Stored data
****************
(* Let $\mathcal{T}$ be a tower with $\mathbb{K}_0=\emptyset$ whose maps are elementary inclusions or elementary contractions (named by the naming convention below), let $\hat{\mathbb{K}}_0,\dots,\hat{\mathbb{K}}_m$ be its active small coning construction and $\mathcal{W}$ its contracting forest. Let $x$ be an internal node of $\mathcal{W}$ with children $y_1,y_2$. Then $c(x)\le 2\cdot|E(y_1)\setminus E(y_2)|$.
   Context: Elementary inclusion: $\mathbb{K}_{i+1}=\mathbb{K}_i\cup\{\sigma\}$, $\sigma\notin\mathbb{K}_i$. Elementary contraction of distinct vertices $u,v$: for one of them, say $v$, the vertex set of $\mathbb{K}_{i+1}$ is that of $\mathbb{K}_i$ minus $v$, $\phi_i(u)=\phi_i(v)=u$, identity elsewhere, $\mathbb{K}_{i+1}=\phi_i(\mathbb{K}_i)$. Active small coning construction: $\hat{\mathbb{K}}_0=\emptyset$; vertices flagged active/inactive, simplex active iff all its vertices are; $\mathrm{Act}\overline{\mathrm{St}}(w,\hat{\mathbb{K}}_i)$ = active simplices of $\hat{\mathbb{K}}_i$ in the closed star of $w$. Inclusion of $\sigma$: add $\sigma$ (new vertex active). Contraction of $u,v$: if $|\mathrm{Act}\overline{\mathrm{St}}(u,\hat{\mathbb{K}}_i)|\le|\mathrm{Act}\overline{\mathrm{St}}(v,\hat{\mathbb{K}}_i)|$, $\hat{\mathbb{K}}_{i+1}=\hat{\mathbb{K}}_i\cup\{\{v\}\cup\tau:\tau\in\mathrm{Act}\overline{\mathrm{St}}(u,\hat{\mathbb{K}}_i)\}$ and $u$ is marked inactive; otherwise symmetric. Naming convention: each contraction maps $u,v$ to the vertex not marked inactive. Contracting forest: $\mathcal{W}_0=\emptyset$; inclusion of a simplex of positive dimension leaves the forest unchanged; inclusion of a vertex $w$ adds a single-node tree labeled $w$; a contraction of $u,v$ makes the roots labeled $u$ and $v$ the two children of a new root labeled with the image vertex; $\mathcal{W}=\mathcal{W}_m$. Each internal node $x$ corresponds to one contraction $\phi_i$, and its cost is $c(x)=|\hat{\mathbb{K}}_{i+1}\setminus\hat{\mathbb{K}}_i|$; leaves have cost $0$. Let $\Sigma$ be the collection of simplices added at elementary inclusions; for $\sigma\in\Sigma$ added by $\phi_i$, each vertex of $\sigma$ labels a root of $\mathcal{W}_{i+1}$, i.e., corresponds to a node of $\mathcal{W}$; $E(x)$ is the set of $\sigma\in\Sigma$ with at least one vertex whose node lies in the subtree rooted at $x$. *)

theory Defs
  imports Main
begin

text \<open>Simplices are finite nonempty vertex sets; a complex is a set of simplices.
  A tower starting at the empty complex is encoded by the list of its elementary maps.\<close>

datatype 'v tower_op = Incl "'v set" | Contr 'v 'v

text \<open>State after i maps: (K_i, hat K_i, set of active vertices).\<close>
type_synonym 'v tstate = "'v set set \<times> 'v set set \<times> 'v set"

definition act_star :: "'v set set \<Rightarrow> 'v set \<Rightarrow> 'v \<Rightarrow> 'v set set" where
  "act_star Kh A w = {\<tau> \<in> Kh. \<tau> \<subseteq> A \<and> (\<exists>\<sigma>\<in>Kh. w \<in> \<sigma> \<and> \<tau> \<subseteq> \<sigma>)}"

definition survivor :: "'v set set \<Rightarrow> 'v set \<Rightarrow> 'v \<Rightarrow> 'v \<Rightarrow> 'v" where
  "survivor Kh A u v = (if card (act_star Kh A u) \<le> card (act_star Kh A v) then v else u)"

fun step :: "'v tower_op \<Rightarrow> 'v tstate \<Rightarrow> 'v tstate" where
  "step (Incl \<sigma>) (K, Kh, A) =
     (insert \<sigma> K, insert \<sigma> Kh, if card \<sigma> = 1 then A \<union> \<sigma> else A)"
| "step (Contr u v) (K, Kh, A) =
     (let s = survivor Kh A u v; d = (if s = v then u else v);
          \<phi> = (\<lambda>x. if x = d then s else x)
      in ((\<lambda>\<sigma>. \<phi> ` \<sigma>) ` K, Kh \<union> {insert s \<tau> | \<tau>. \<tau> \<in> act_star Kh A d}, A - {d}))"

definition tstate :: "'v tower_op list \<Rightarrow> nat \<Rightarrow> 'v tstate" where
  "tstate ops i = fold step (take i ops) ({}, {}, {})"

definition cK :: "'v tower_op list \<Rightarrow> nat \<Rightarrow> 'v set set" where
  "cK ops i = fst (tstate ops i)"
definition cKhat :: "'v tower_op list \<Rightarrow> nat \<Rightarrow> 'v set set" where
  "cKhat ops i = fst (snd (tstate ops i))"
definition cAct :: "'v tower_op list \<Rightarrow> nat \<Rightarrow> 'v set" where
  "cAct ops i = snd (snd (tstate ops i))"

text \<open>Validity: every map is an elementary inclusion (of a simplex not yet present whose
  proper faces are present, so that K_{i+1} is a complex; new vertices get fresh names)
  or an elementary contraction of two distinct vertices of K_i.\<close>
definition valid_tower :: "'v tower_op list \<Rightarrow> bool" where
  "valid_tower ops \<longleftrightarrow> (\<forall>i<length ops. case ops ! i of
      Incl \<sigma> \<Rightarrow> finite \<sigma> \<and> \<sigma> \<noteq> {} \<and> \<sigma> \<notin> cK ops i
                 \<and> (\<forall>\<tau>. \<tau> \<subseteq> \<sigma> \<and> \<tau> \<noteq> {} \<and> \<tau> \<noteq> \<sigma> \<longrightarrow> \<tau> \<in> cK ops i)
                 \<and> (\<forall>w. \<sigma> = {w} \<longrightarrow> w \<notin> \<Union> (cKhat ops i))
    | Contr u v \<Rightarrow> u \<noteq> v \<and> {u} \<in> cK ops i \<and> {v} \<in> cK ops i)"

text \<open>Contracting forest: nodes are identified with the index of the map creating them
  (vertex inclusions give leaves, contractions give internal nodes).\<close>
definition is_node :: "'v tower_op list \<Rightarrow> nat \<Rightarrow> bool" where
  "is_node ops j \<longleftrightarrow> j < length ops \<and>
     ((\<exists>w. ops ! j = Incl {w}) \<or> (\<exists>u v. ops ! j = Contr u v))"

definition node_label :: "'v tower_op list \<Rightarrow> nat \<Rightarrow> 'v" where
  "node_label ops j = (case ops ! j of
      Incl \<sigma> \<Rightarrow> the_elem \<sigma>
    | Contr u v \<Rightarrow> survivor (cKhat ops j) (cAct ops j) u v)"

definition root_of :: "'v tower_op list \<Rightarrow> nat \<Rightarrow> 'v \<Rightarrow> nat" where
  "root_of ops i w = (GREATEST j. j < i \<and> is_node ops j \<and> node_label ops j = w)"

inductive in_subtree :: "'v tower_op list \<Rightarrow> nat \<Rightarrow> nat \<Rightarrow> bool" for ops where
  refl: "in_subtree ops x x"
| left: "x < length ops \<Longrightarrow> ops ! x = Contr u v \<Longrightarrow> in_subtree ops (root_of ops x u) y
          \<Longrightarrow> in_subtree ops x y"
| right: "x < length ops \<Longrightarrow> ops ! x = Contr u v \<Longrightarrow> in_subtree ops (root_of ops x v) y
          \<Longrightarrow> in_subtree ops x y"

text \<open>E(x), with the elements of Sigma indexed by the step at which they are included.\<close>
definition E_set :: "'v tower_op list \<Rightarrow> nat \<Rightarrow> nat set" where
  "E_set ops x = {i. i < length ops \<and>
     (\<exists>\<sigma>. ops ! i = Incl \<sigma> \<and> (\<exists>a\<in>\<sigma>. in_subtree ops x (root_of ops (Suc i) a)))}"

definition cost :: "'v tower_op list \<Rightarrow> nat \<Rightarrow> nat" where
  "cost ops x = card (cKhat ops (Suc x) - cKhat ops x)"

end

theory Submission
  imports Defs
begin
****************
• YOUR GOAL:
Look through the entries above and find each line where the word "open" occurs; copy those lines.

• SOLUTION BELOW:
text \<open>Simplices are finite nonempty vertex sets; a complex is a set of simplices.
text \<open>State after i maps: (K_i, hat K_i, set of active vertices).\<close>
text \<open>Validity: every map is an elementary inclusion (of a simplex not yet present whose
text \<open>Contracting forest: nodes are identified with the index of the map creating them
text \<open>E(x), with the elements of Sigma indexed by the step at which they are included.\<close>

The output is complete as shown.